Меня зовут Кори Джей Маккенсон. Я родился в городке под названием Зефир, на юге Алабамы. Там никогда не бывает слишком холодно или слишком жарко. Улицы Зефира затенены черными дубами, дома там с верандами и противомоскитными сетками на окнах. Есть парк с двумя бейсбольными площадками, одна — для детей, другая — для взрослых. Вода в общественном бассейне отличалась чистотой и синевой, и дети ныряли в самую глубину за монетками, лежащими на дне. Каждый год 4 июля в Зефире устраивали барбекю, а в конце лета — литературный конкурс. В1964 году, когда мне было двенадцать лет, население Зефира насчитывало примерно пятнадцать тысяч человек. Достопримечательности города включали кафе «Яркая звезда», магазин «Вулворт» и маленькую бакалейную лавку «Пигли-Вигли». На трассе 10 был даже дом, где жили плохие девушки. Телевизор был не в каждой семье. В округе существовал «сухой закон», что означало процветание подпольной торговли спиртным. Дороги вели на юг, север, восток и запад, а ночью мимо проходил товарный поезд в сторону Бирмингема, оставляя после себя запах окалины. В Зефире было четыре церкви, начальная школа и кладбище на Поултер-Хилл. Озеро здесь такое глубокое, что его вполне можно считать бездонным. Мой родной город был полон героев и злодеев: здесь жили честные люди, которые знали прелесть правды, и такие, чьим идеалом была ложь. Мой городок наверняка напоминает тот, где провели свое детство вы.
Но все же Зефир был волшебным местом. Там при свете луны по улицам прогуливались духи.
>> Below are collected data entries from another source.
(* Let $H$ be a near-quadrangulation and let $G$ be the patch extension of $H$. If a viable 4-coloring $\varphi$ of the boundary of the outer face of $G$ extends to a 4-coloring of $G$, then $\varphi$ is null-homotopic on the cycle $C$ bounding the outer face of $G$.
   Context: A near-quadrangulation is a 2-connected plane graph all of whose faces other than the outer one have length four (it is bipartite). The patch extension of a 2-connected bipartite plane graph $B$ is the hued plane graph obtained by adding into each non-outer face of $B$ a new vertex adjacent to all vertices on the boundary of that face; the vertices of $B$ get hues $0$ and $1$ according to the bipartition and the new vertices get hue $2$. Hues are values in $\mathbb{Z}_3$; a 4-coloring is a proper coloring with colors in $\mathbb{Z}_2^2$; for a hued graph $K$ and 4-coloring $\varphi$, $K^\varphi$ is the graph with both hue and color. Homomorphisms to $\mathbf{T}$ map adjacent vertices to adjacent vertices and preserve hue and color, where the dappled triangular grid $\mathbf{T}$ has vertex set $\mathbb{Z}^2$, with $(i_1,j_1),(i_2,j_2)$ adjacent iff $(i_2-i_1,j_2-j_1)\in\{\pm(1,0),\pm(0,1),\pm(1,1)\}$, hue $(i+j)\bmod 3$ and color $(i\bmod 2,j\bmod 2)$. $\varphi$ is viable on connected hued $K$ if $K^\varphi$ has a homomorphism to $\mathbf{T}$. For a closed walk $Z$, a one-step retraction deletes $u_{i+1},u_{i+2}$ from a cyclically consecutive triple $u_iu_{i+1}u_{i+2}$ with $u_i=u_{i+2}$ (length-two closed walks retract to empty); $Z$ is null-homotopic if repeated one-step retractions reduce it to the empty walk. A viable coloring $\varphi$ is null-homotopic on a closed walk (here the cycle $C$) if the closed walks $f(C)$, for homomorphisms $f$ from $C^\varphi$ to $\mathbf{T}$, are null-homotopic. *)

theory Defs
  imports Main
begin

text \<open>A plane graph is given combinatorially by its facial boundary walks:
  C is the boundary walk of the outer face, Fs the set of boundary walks of
  the inner faces (each a list of vertices, read cyclically).\<close>

definition darts :: "'a list \<Rightarrow> ('a \<times> 'a) set" where
  "darts w = {(w ! i, w ! (Suc i mod length w)) | i. i < length w}"

definition map_darts :: "'a list \<Rightarrow> 'a list set \<Rightarrow> ('a \<times> 'a) set" where
  "map_darts C Fs = \<Union> (darts ` insert C Fs)"

definition map_verts :: "'a list \<Rightarrow> 'a list set \<Rightarrow> 'a set" where
  "map_verts C Fs = \<Union> (set ` insert C Fs)"

definition H_adj :: "'a list \<Rightarrow> 'a list set \<Rightarrow> 'a \<Rightarrow> 'a \<Rightarrow> bool" where
  "H_adj C Fs u v \<longleftrightarrow> (u, v) \<in> map_darts C Fs"

definition connected_on :: "'a set \<Rightarrow> ('a \<Rightarrow> 'a \<Rightarrow> bool) \<Rightarrow> bool" where
  "connected_on S adj \<longleftrightarrow>
     (\<forall>u\<in>S. \<forall>v\<in>S. (\<lambda>a b. a \<in> S \<and> b \<in> S \<and> adj a b)\<^sup>*\<^sup>* u v)"

definition two_connected :: "'a set \<Rightarrow> ('a \<Rightarrow> 'a \<Rightarrow> bool) \<Rightarrow> bool" where
  "two_connected S adj \<longleftrightarrow> finite S \<and> card S \<ge> 3 \<and> connected_on S adj \<and>
     (\<forall>x\<in>S. connected_on (S - {x}) adj)"

text \<open>Rotation at vertex v: from neighbour u to neighbour z, where the face
  containing dart (u,v) continues with dart (v,z).\<close>
definition rotation_step :: "'a list \<Rightarrow> 'a list set \<Rightarrow> 'a \<Rightarrow> 'a \<Rightarrow> 'a \<Rightarrow> bool" where
  "rotation_step C Fs v u z \<longleftrightarrow>
     (\<exists>w\<in>insert C Fs. (u, v) \<in> darts w \<and> (v, z) \<in> darts w)"

text \<open>Combinatorial map of a connected simple plane graph whose faces are
  bounded by cycles: each dart lies on exactly one facial walk, the dart set
  is symmetric, the rotation at every vertex is a single cycle (so the
  surface is a closed surface), the graph is connected and Euler's formula
  V - E + F = 2 holds (so the surface is the sphere).\<close>
definition plane_map :: "'a list \<Rightarrow> 'a list set \<Rightarrow> bool" where
  "plane_map C Fs \<longleftrightarrow>
     finite Fs \<and> distinct C \<and> length C \<ge> 3 \<and>
     (\<forall>f\<in>Fs. distinct f \<and> length f \<ge> 3) \<and>
     (\<forall>f\<in>Fs. darts f \<inter> darts C = {}) \<and>
     (\<forall>f\<in>Fs. \<forall>g\<in>Fs. f \<noteq> g \<longrightarrow> darts f \<inter> darts g = {}) \<and>
     (\<forall>u v. (u, v) \<in> map_darts C Fs \<longrightarrow> (v, u) \<in> map_darts C Fs) \<and>
     (\<forall>v\<in>map_verts C Fs. \<forall>u z. H_adj C Fs v u \<and> H_adj C Fs v z \<longrightarrow>
         (rotation_step C Fs v)\<^sup>*\<^sup>* u z) \<and>
     connected_on (map_verts C Fs) (H_adj C Fs) \<and>
     int (card (map_verts C Fs)) - int (card (map_darts C Fs) div 2)
       + int (card Fs + 1) = 2"

definition near_quadrangulation :: "'a list \<Rightarrow> 'a list set \<Rightarrow> bool" where
  "near_quadrangulation C Fs \<longleftrightarrow>
     plane_map C Fs \<and> (\<forall>f\<in>Fs. length f = 4) \<and>
     two_connected (map_verts C Fs) (H_adj C Fs)"

definition hue_bipartition :: "'a list \<Rightarrow> 'a list set \<Rightarrow> ('a \<Rightarrow> int) \<Rightarrow> bool" where
  "hue_bipartition C Fs h \<longleftrightarrow>
     (\<forall>v\<in>map_verts C Fs. h v \<in> {0, 1}) \<and>
     (\<forall>u v. H_adj C Fs u v \<longrightarrow> h u \<noteq> h v)"

definition patch_verts :: "'a list \<Rightarrow> 'a list set \<Rightarrow> ('a + 'a list) set" where
  "patch_verts C Fs = Inl ` map_verts C Fs \<union> Inr ` Fs"

definition patch_adj :: "'a list \<Rightarrow> 'a list set \<Rightarrow> ('a + 'a list) \<Rightarrow> ('a + 'a list) \<Rightarrow> bool" where
  "patch_adj C Fs x y =
     (case (x, y) of
        (Inl u, Inl v) \<Rightarrow> H_adj C Fs u v
      | (Inl u, Inr f) \<Rightarrow> f \<in> Fs \<and> u \<in> set f
      | (Inr f, Inl u) \<Rightarrow> f \<in> Fs \<and> u \<in> set f
      | (Inr f, Inr g) \<Rightarrow> False)"

definition patch_hue :: "('a \<Rightarrow> int) \<Rightarrow> ('a + 'a list) \<Rightarrow> int" where
  "patch_hue h x = (case x of Inl v \<Rightarrow> h v | Inr f \<Rightarrow> 2)"

text \<open>Colors in Z_2^2 are represented as pairs in {0,1} x {0,1}.\<close>
definition four_coloring :: "'b set \<Rightarrow> ('b \<Rightarrow> 'b \<Rightarrow> bool) \<Rightarrow> ('b \<Rightarrow> int \<times> int) \<Rightarrow> bool" where
  "four_coloring S adj c \<longleftrightarrow>
     (\<forall>x\<in>S. c x \<in> {0, 1} \<times> {0, 1}) \<and> (\<forall>x\<in>S. \<forall>y\<in>S. adj x y \<longrightarrow> c x \<noteq> c y)"

definition cycle_adj :: "'a list \<Rightarrow> 'a \<Rightarrow> 'a \<Rightarrow> bool" where
  "cycle_adj C u v \<longleftrightarrow> (u, v) \<in> darts C \<or> (v, u) \<in> darts C"

definition T_adj :: "int \<times> int \<Rightarrow> int \<times> int \<Rightarrow> bool" where
  "T_adj p q \<longleftrightarrow>
     (fst q - fst p, snd q - snd p) \<in> {(1, 0), (-1, 0), (0, 1), (0, -1), (1, 1), (-1, -1)}"

definition T_hue :: "int \<times> int \<Rightarrow> int" where
  "T_hue p = (fst p + snd p) mod 3"

definition T_col :: "int \<times> int \<Rightarrow> int \<times> int" where
  "T_col p = (fst p mod 2, snd p mod 2)"

definition hom_to_T :: "'b set \<Rightarrow> ('b \<Rightarrow> 'b \<Rightarrow> bool) \<Rightarrow> ('b \<Rightarrow> int) \<Rightarrow> ('b \<Rightarrow> int \<times> int)
    \<Rightarrow> ('b \<Rightarrow> int \<times> int) \<Rightarrow> bool" where
  "hom_to_T S adj hue col f \<longleftrightarrow>
     (\<forall>x\<in>S. \<forall>y\<in>S. adj x y \<longrightarrow> T_adj (f x) (f y)) \<and>
     (\<forall>x\<in>S. T_hue (f x) = hue x \<and> T_col (f x) = col x)"

definition viable :: "'b set \<Rightarrow> ('b \<Rightarrow> 'b \<Rightarrow> bool) \<Rightarrow> ('b \<Rightarrow> int) \<Rightarrow> ('b \<Rightarrow> int \<times> int) \<Rightarrow> bool" where
  "viable S adj hue col \<longleftrightarrow> (\<exists>f. hom_to_T S adj hue col f)"

text \<open>A closed walk is a list read cyclically.  A one-step retraction removes
  u_{i+1}, u_{i+2} from a cyclically consecutive triple u_i u_{i+1} u_{i+2} with
  u_i = u_{i+2} (rotations express cyclicity); length-two walks retract to the
  empty walk.  nullhom Z holds iff repeated retractions reduce Z to [].\<close>
inductive nullhom :: "'c list \<Rightarrow> bool" where
  nh_nil: "nullhom []"
| nh_two: "nullhom [a, b]"
| nh_step: "nullhom (a # rest) \<Longrightarrow> nullhom (rotate k (a # b # a # rest))"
Они выходили из могил на заросшем травой кладбище, стояли на холме и разговаривали о старых временах, когда кока-кола имела свой подлинный вкус, когда можно было запросто отличить демократа от республиканца. Я знаю это. Я сам их слышал. Легкий бриз дул вдоль улиц, проникая сквозь противомоскитные сетки на окнах, принося с собой в дома легкий аромат жимолости и пробуждающейся любви, а зазубренные синеватые молнии разбивались о землю и будили ненависть. У нас случались ураганы и засухи, а речка, которая протекала рядом с нашим городом, имела дурную привычку разливаться. В мою пятую весну наводнение принесло на улицы змей. Потом сотни ястребов, словно черный смерч, спустились на землю и унесли змей в своих смертоносных клювах, а река незаметно вернулась в свои берега, как побитая собака. Потом показалось солнце, словно над городом прозвучал призывный клич трубы, и с ржавых, будто запятнанных кровью крыш моего родного городка заклубился пар.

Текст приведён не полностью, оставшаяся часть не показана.